**WHAT THE TASK REQUIRES**
In the entries below, return only the line containing "datatype ctree = Node" and those after it, exactly, through the last line.
-------- EXERCISE DATA
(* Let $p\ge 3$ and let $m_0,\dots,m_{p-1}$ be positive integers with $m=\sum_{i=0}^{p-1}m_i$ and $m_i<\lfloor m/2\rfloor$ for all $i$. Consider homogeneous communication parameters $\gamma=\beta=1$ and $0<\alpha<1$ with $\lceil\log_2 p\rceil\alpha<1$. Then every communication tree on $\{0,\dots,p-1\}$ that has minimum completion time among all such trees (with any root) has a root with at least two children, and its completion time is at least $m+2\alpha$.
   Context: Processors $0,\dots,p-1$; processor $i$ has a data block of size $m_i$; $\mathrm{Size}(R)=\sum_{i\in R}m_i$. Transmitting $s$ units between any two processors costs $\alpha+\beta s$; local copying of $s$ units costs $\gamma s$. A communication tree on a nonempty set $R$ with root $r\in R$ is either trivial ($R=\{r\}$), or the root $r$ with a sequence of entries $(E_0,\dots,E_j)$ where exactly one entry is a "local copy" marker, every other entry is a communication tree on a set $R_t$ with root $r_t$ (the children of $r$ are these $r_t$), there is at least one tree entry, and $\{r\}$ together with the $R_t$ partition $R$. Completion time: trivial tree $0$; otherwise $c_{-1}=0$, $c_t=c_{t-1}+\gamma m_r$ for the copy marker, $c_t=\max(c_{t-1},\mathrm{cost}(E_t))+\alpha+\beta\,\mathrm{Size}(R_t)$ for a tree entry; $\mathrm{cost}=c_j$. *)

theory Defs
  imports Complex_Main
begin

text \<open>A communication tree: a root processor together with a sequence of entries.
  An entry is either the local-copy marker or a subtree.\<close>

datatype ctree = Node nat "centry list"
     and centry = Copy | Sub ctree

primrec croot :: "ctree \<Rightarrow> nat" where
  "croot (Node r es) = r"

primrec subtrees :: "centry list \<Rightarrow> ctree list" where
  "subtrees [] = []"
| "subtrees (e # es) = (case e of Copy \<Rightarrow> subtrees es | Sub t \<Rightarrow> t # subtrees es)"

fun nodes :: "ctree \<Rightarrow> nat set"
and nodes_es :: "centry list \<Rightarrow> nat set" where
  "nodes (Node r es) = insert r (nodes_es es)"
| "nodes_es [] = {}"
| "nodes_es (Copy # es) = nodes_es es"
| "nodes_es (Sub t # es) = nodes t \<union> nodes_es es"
----------------
**TASK OUTPUT**
datatype ctree = Node nat "centry list"
     and centry = Copy | Sub ctree

primrec croot :: "ctree \<Rightarrow> nat" where
  "croot (Node r es) = r"

primrec subtrees :: "centry list \<Rightarrow> ctree list" where
  "subtrees [] = []"
| "subtrees (e # es) = (case e of Copy \<Rightarrow> subtrees es | Sub t \<Rightarrow> t # subtrees es)"

fun nodes :: "ctree \<Rightarrow> nat set"
and nodes_es :: "centry list \<Rightarrow> nat set" where
  "nodes (Node r es) = insert r (nodes_es es)"
| "nodes_es [] = {}"
| "nodes_es (Copy # es) = nodes_es es"
| "nodes_es (Sub t # es) = nodes t \<union> nodes_es es"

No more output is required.